* **TASK**: I'd like every line from the material below that has "inverses" in it.

▬▬▬▬▬▬▬▬▬▬

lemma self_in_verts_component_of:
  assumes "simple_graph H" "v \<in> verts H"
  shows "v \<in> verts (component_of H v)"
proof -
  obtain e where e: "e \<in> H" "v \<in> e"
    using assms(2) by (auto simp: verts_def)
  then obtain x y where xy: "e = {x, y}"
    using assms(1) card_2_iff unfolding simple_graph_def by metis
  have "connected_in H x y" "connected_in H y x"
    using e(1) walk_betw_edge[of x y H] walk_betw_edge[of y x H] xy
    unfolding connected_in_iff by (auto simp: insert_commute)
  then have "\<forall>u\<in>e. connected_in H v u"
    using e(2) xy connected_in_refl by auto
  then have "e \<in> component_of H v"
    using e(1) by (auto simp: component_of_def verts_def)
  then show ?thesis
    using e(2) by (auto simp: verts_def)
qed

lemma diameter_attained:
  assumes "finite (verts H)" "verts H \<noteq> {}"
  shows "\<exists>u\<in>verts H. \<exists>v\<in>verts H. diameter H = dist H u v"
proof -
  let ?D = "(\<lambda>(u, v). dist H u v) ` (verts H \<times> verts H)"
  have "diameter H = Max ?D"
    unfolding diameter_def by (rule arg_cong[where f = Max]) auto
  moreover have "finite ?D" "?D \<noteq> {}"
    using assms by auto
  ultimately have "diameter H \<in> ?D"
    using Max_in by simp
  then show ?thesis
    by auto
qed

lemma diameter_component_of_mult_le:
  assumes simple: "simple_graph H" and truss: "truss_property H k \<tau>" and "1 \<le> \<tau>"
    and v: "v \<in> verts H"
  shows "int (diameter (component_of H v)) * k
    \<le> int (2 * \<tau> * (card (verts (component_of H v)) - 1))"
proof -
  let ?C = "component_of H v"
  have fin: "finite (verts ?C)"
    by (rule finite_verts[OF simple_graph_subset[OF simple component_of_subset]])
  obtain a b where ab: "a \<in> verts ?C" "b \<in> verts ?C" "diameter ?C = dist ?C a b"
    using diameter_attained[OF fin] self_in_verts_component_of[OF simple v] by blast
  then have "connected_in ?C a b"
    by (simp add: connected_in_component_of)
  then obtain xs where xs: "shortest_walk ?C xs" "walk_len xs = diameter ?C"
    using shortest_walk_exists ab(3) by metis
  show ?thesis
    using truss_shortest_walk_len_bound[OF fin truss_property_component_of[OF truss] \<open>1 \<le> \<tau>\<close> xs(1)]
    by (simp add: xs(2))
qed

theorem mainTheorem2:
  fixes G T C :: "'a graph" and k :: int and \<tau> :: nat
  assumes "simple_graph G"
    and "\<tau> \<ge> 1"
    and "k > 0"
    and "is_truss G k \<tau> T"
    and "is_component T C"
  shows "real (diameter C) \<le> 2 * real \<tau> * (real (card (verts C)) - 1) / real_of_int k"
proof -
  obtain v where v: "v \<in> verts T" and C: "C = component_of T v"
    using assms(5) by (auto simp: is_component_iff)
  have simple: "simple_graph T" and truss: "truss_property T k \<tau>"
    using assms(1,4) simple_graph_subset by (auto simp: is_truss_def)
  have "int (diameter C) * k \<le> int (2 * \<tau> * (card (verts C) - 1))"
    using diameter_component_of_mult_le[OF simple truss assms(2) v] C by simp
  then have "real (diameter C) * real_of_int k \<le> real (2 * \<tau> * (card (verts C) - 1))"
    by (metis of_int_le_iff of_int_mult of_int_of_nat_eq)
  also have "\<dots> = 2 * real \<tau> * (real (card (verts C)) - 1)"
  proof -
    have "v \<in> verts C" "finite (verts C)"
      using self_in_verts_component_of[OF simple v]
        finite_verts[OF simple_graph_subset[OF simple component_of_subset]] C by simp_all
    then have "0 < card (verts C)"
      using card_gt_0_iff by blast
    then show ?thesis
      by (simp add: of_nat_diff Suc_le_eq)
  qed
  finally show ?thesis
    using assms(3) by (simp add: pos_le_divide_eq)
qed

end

▬▬▬▬▬▬▬▬▬▬

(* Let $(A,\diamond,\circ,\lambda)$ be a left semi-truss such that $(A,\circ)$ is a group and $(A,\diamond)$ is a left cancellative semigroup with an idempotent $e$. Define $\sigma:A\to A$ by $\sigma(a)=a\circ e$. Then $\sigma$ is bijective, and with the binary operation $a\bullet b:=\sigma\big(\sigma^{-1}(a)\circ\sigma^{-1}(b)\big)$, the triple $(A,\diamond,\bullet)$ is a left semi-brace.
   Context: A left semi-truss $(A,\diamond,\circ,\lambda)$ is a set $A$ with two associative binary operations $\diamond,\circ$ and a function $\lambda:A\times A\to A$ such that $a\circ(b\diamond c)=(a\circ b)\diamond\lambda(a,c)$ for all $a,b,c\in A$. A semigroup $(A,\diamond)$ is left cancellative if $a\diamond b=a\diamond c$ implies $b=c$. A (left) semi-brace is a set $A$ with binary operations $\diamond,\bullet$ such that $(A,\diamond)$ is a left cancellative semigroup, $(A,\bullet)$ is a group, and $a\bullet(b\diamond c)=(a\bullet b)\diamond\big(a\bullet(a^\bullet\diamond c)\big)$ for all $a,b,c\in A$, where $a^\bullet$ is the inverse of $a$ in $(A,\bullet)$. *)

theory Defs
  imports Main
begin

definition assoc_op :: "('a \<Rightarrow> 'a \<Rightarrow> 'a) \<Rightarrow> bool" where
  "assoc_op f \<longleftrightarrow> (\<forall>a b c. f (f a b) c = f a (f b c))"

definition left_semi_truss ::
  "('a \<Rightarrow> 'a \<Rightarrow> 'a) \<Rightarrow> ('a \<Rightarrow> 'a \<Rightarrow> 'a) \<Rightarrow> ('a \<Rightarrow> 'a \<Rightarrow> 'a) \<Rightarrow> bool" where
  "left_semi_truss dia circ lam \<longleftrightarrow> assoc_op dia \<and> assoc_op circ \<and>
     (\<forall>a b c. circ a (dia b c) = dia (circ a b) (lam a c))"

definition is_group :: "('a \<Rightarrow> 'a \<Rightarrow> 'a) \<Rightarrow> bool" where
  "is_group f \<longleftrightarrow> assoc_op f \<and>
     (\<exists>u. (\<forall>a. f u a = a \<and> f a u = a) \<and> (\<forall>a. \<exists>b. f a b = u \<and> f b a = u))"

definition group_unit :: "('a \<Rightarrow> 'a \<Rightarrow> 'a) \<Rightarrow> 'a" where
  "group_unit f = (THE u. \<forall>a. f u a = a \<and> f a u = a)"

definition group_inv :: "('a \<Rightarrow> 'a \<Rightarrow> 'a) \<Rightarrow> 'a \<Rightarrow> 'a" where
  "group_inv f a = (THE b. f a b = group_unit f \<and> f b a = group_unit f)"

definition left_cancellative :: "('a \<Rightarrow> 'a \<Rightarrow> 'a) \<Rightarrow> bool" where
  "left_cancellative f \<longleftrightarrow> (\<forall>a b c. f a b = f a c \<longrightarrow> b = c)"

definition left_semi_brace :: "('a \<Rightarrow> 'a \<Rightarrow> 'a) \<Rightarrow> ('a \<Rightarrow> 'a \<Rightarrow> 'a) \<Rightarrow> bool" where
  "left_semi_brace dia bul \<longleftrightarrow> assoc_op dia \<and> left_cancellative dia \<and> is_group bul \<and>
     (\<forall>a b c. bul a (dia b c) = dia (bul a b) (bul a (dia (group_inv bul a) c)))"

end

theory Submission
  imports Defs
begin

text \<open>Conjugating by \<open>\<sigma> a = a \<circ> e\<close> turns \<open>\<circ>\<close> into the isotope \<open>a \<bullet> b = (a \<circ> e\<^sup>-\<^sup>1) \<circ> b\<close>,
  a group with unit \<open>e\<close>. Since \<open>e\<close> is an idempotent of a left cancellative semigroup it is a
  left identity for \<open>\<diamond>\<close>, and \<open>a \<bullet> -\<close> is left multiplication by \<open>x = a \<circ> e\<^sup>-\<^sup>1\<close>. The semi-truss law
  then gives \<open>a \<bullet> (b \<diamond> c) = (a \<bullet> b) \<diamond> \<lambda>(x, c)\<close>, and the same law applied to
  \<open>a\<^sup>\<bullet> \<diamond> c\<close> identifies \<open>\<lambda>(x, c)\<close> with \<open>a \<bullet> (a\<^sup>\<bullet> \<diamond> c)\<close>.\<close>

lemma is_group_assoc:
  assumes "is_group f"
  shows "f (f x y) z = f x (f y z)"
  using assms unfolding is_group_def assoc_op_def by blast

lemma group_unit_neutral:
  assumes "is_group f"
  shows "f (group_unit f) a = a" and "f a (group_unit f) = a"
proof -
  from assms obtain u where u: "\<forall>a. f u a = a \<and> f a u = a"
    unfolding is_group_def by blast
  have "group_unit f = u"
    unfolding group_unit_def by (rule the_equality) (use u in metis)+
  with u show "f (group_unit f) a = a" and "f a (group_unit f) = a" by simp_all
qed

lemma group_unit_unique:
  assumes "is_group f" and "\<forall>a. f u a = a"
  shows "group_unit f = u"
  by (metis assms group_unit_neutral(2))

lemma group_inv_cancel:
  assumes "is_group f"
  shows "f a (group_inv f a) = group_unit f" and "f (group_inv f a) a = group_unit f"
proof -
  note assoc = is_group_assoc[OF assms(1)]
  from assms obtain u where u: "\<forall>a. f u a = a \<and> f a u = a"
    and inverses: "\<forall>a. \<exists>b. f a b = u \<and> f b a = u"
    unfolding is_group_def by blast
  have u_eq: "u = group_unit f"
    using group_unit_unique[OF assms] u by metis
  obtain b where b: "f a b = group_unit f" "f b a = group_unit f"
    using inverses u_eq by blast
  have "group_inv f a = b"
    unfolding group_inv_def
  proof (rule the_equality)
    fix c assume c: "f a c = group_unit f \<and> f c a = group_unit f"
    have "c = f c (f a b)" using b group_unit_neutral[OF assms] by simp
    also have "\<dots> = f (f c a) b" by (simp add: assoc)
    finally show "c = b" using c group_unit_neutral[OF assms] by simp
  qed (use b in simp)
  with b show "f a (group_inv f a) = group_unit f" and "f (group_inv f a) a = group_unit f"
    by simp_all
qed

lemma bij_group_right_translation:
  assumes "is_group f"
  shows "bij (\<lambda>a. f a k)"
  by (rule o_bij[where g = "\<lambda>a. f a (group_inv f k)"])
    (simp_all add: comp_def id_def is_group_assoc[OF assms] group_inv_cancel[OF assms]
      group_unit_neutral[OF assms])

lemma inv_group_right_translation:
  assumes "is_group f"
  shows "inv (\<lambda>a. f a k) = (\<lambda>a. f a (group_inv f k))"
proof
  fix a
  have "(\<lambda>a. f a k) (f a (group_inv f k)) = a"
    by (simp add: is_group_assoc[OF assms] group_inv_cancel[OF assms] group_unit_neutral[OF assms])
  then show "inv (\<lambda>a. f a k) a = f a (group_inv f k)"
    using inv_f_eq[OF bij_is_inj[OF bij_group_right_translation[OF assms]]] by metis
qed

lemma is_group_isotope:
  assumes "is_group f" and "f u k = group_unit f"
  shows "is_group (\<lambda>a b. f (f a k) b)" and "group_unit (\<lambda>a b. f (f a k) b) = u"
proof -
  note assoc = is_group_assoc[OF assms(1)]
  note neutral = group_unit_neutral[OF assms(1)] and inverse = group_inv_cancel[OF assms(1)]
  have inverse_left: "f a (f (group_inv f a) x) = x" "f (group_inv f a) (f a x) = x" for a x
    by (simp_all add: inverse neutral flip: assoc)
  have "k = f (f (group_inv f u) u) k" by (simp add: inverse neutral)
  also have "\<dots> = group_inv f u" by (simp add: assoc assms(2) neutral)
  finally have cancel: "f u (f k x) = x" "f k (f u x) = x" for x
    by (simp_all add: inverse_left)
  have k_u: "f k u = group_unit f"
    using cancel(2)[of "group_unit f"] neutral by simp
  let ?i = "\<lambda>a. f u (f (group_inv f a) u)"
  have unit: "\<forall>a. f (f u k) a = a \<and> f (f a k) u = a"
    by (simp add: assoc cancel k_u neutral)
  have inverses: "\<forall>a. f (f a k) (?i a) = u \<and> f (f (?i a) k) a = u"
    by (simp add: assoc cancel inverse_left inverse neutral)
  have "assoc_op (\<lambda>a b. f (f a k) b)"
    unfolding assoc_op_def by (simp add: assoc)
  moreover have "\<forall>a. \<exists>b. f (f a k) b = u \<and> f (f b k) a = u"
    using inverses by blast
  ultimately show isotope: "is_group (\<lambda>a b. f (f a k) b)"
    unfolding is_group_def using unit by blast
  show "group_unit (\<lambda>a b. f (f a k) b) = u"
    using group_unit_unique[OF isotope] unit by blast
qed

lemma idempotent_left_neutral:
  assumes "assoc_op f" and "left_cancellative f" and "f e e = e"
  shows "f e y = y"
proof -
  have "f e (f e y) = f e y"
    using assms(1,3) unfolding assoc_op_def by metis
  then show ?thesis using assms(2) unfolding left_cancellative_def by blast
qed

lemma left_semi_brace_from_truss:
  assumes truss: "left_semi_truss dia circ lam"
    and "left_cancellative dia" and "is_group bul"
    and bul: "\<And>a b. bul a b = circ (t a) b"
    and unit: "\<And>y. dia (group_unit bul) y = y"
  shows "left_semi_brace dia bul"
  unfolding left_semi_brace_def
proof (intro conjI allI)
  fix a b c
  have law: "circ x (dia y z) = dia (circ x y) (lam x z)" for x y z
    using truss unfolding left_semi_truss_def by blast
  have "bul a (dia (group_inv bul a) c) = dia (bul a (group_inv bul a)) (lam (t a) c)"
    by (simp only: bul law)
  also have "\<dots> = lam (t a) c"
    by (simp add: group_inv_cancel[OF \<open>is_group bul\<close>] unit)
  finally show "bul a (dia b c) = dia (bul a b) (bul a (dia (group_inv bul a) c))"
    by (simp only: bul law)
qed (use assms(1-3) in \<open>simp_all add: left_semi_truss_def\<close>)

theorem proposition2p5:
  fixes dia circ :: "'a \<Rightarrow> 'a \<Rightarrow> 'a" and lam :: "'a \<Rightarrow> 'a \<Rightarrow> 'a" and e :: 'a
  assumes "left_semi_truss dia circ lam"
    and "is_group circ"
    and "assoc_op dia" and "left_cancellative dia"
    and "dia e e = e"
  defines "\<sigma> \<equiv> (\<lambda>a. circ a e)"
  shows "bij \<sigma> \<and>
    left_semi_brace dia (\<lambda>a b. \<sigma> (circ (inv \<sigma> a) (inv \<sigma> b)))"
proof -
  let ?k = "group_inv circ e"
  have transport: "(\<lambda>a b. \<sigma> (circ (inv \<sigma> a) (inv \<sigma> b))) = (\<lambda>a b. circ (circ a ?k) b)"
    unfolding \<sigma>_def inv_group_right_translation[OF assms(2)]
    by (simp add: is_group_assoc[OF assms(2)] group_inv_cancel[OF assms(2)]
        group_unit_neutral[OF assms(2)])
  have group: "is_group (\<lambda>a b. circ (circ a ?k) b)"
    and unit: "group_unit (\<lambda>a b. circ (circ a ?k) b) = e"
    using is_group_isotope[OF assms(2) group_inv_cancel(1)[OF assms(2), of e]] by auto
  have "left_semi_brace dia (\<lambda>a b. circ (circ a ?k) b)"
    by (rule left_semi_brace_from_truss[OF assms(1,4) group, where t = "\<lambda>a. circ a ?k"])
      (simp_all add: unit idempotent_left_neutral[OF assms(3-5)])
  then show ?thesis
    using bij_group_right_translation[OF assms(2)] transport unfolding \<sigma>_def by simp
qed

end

▬▬▬▬▬▬▬▬▬▬

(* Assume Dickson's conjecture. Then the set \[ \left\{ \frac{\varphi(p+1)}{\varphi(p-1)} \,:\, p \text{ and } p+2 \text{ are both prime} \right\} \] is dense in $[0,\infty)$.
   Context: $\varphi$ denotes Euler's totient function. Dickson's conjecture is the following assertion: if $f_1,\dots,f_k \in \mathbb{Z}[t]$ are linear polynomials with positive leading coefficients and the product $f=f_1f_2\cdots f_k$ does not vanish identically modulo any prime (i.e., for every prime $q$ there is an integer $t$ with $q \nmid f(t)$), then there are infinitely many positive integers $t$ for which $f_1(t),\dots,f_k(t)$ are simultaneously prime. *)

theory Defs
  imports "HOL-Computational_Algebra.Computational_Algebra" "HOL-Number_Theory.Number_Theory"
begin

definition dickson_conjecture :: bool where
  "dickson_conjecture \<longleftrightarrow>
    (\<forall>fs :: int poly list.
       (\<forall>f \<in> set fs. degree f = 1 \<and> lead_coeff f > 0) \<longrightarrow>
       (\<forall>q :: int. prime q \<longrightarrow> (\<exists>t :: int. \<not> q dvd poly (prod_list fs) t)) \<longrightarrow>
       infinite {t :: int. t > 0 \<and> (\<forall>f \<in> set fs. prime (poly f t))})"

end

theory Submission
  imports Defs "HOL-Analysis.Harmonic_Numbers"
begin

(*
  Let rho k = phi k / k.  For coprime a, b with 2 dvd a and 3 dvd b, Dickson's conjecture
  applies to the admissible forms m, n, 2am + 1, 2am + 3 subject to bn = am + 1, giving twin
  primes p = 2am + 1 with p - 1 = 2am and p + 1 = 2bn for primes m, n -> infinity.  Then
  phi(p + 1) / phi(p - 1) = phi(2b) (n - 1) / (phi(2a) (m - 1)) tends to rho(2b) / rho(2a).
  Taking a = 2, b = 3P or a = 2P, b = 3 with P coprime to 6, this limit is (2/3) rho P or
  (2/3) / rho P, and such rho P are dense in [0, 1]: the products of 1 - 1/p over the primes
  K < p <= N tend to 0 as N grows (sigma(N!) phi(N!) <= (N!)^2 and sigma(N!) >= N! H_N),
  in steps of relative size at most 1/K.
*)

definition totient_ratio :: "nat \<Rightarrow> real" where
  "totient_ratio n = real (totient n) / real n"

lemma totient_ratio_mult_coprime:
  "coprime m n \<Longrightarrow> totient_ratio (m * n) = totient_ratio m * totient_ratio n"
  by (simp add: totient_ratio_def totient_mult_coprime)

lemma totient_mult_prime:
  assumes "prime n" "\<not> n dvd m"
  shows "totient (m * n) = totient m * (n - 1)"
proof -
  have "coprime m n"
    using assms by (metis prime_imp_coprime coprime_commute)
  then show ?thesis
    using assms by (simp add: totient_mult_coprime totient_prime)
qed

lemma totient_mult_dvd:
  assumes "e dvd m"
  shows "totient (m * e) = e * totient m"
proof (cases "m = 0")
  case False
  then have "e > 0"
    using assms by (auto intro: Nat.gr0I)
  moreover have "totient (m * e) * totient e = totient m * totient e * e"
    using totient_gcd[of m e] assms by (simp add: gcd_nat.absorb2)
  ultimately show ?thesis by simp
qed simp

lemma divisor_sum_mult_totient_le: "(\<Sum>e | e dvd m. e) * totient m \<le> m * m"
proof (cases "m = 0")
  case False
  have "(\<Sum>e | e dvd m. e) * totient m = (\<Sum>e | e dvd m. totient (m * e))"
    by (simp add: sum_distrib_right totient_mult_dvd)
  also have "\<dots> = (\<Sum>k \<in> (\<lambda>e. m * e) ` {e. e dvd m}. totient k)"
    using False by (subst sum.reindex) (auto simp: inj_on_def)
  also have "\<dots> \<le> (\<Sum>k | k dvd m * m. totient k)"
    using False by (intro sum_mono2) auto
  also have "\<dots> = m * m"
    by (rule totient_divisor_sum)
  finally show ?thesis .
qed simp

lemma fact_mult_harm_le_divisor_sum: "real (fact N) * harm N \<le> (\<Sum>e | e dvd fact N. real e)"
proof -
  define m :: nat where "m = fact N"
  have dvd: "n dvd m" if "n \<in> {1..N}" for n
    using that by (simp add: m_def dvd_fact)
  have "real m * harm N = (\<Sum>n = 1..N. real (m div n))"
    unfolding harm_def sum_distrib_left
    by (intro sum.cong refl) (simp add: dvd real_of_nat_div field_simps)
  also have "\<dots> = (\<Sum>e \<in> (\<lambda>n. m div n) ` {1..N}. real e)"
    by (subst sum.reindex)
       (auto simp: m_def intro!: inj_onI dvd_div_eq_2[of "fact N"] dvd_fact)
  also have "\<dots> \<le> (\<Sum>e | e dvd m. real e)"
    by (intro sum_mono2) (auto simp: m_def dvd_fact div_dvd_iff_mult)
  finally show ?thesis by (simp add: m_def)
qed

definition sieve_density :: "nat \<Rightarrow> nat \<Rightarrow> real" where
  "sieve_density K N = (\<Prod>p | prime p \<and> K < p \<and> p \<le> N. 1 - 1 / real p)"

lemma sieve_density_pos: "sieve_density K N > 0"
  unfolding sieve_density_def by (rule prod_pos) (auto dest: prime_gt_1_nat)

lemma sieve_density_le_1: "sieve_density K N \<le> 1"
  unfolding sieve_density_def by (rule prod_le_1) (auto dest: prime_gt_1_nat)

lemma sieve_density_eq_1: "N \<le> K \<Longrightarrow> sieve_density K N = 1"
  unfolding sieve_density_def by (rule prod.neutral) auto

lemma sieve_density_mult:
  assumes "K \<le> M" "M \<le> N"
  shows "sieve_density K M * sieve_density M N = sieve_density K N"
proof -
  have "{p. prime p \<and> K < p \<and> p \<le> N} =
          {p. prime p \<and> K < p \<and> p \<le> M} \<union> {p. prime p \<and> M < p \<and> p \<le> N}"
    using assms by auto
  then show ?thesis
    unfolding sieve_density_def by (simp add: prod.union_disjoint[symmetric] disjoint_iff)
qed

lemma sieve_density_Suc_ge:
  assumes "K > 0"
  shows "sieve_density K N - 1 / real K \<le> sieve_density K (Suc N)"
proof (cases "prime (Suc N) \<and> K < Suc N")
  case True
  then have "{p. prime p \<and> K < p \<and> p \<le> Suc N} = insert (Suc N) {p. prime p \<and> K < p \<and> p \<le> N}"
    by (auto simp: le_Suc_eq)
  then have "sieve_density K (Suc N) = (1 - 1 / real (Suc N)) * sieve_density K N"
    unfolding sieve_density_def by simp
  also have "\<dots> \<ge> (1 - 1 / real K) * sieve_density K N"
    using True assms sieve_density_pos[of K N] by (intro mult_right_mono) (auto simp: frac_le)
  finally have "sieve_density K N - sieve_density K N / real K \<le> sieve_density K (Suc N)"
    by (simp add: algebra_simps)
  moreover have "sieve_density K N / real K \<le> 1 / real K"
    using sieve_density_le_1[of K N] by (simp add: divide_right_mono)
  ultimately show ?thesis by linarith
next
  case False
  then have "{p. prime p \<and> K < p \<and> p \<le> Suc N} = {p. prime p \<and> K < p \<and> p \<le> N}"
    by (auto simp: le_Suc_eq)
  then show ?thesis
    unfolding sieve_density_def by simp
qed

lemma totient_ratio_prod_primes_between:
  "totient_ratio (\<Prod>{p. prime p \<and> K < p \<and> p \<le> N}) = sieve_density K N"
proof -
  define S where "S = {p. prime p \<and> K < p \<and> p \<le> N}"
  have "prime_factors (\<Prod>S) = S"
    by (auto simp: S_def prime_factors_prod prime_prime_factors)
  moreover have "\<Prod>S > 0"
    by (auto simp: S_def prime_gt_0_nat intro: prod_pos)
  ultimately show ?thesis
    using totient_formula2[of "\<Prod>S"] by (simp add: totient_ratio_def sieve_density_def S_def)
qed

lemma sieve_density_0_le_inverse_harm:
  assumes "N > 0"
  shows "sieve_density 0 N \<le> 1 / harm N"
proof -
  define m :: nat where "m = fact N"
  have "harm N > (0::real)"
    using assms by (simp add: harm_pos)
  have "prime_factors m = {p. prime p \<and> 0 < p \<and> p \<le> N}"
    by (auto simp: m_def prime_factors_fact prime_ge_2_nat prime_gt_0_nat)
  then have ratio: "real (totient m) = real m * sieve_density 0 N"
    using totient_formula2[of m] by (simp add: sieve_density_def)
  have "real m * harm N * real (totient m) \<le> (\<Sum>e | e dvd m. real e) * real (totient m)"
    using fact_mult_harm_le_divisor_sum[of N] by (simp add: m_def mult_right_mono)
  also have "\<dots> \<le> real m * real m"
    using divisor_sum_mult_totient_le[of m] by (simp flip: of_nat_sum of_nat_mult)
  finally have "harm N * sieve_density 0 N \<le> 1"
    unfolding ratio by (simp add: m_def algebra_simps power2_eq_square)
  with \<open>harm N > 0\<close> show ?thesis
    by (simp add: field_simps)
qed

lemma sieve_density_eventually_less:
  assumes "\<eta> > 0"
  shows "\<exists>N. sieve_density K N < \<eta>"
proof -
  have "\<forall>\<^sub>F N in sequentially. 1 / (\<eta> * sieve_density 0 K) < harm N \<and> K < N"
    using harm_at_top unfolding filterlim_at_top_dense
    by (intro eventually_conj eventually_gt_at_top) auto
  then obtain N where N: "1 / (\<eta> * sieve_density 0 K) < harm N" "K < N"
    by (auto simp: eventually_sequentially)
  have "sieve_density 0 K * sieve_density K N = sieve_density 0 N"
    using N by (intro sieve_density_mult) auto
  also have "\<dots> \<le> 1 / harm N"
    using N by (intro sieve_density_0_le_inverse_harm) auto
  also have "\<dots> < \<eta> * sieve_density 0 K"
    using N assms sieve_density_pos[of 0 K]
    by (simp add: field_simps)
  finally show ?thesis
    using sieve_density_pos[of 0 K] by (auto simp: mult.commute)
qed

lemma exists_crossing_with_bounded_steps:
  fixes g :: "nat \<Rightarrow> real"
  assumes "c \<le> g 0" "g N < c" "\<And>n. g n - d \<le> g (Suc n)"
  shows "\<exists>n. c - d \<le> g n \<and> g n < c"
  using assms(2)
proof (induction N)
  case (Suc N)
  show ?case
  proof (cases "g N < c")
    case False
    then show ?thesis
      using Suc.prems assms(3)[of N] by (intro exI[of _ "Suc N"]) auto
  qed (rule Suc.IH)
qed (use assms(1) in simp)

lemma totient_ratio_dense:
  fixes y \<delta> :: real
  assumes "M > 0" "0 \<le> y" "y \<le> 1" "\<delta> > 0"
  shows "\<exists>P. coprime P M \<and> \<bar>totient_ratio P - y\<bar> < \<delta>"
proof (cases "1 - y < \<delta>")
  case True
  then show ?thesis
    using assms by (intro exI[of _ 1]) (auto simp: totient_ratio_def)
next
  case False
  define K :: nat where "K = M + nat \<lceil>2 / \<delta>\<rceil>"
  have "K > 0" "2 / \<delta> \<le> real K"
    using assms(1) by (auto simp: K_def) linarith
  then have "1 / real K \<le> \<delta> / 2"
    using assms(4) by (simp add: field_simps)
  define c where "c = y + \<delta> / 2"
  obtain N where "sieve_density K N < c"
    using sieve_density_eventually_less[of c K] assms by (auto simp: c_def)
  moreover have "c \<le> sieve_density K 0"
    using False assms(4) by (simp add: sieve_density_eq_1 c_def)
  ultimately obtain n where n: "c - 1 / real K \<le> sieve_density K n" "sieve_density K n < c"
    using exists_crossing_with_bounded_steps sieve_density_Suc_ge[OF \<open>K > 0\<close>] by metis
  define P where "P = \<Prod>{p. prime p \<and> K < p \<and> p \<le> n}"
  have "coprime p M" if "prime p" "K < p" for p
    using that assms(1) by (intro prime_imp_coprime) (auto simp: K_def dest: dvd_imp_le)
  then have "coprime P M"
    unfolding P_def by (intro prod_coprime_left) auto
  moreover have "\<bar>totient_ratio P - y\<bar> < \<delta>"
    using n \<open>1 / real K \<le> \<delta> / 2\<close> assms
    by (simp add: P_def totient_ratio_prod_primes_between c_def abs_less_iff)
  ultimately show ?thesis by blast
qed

▬▬▬▬▬▬▬▬▬▬

* **TASK SOLUTION**:
    and inverses: "\<forall>a. \<exists>b. f a b = u \<and> f b a = u"
    using inverses u_eq by blast
  have inverses: "\<forall>a. f (f a k) (?i a) = u \<and> f (f (?i a) k) a = u"
    using inverses by blast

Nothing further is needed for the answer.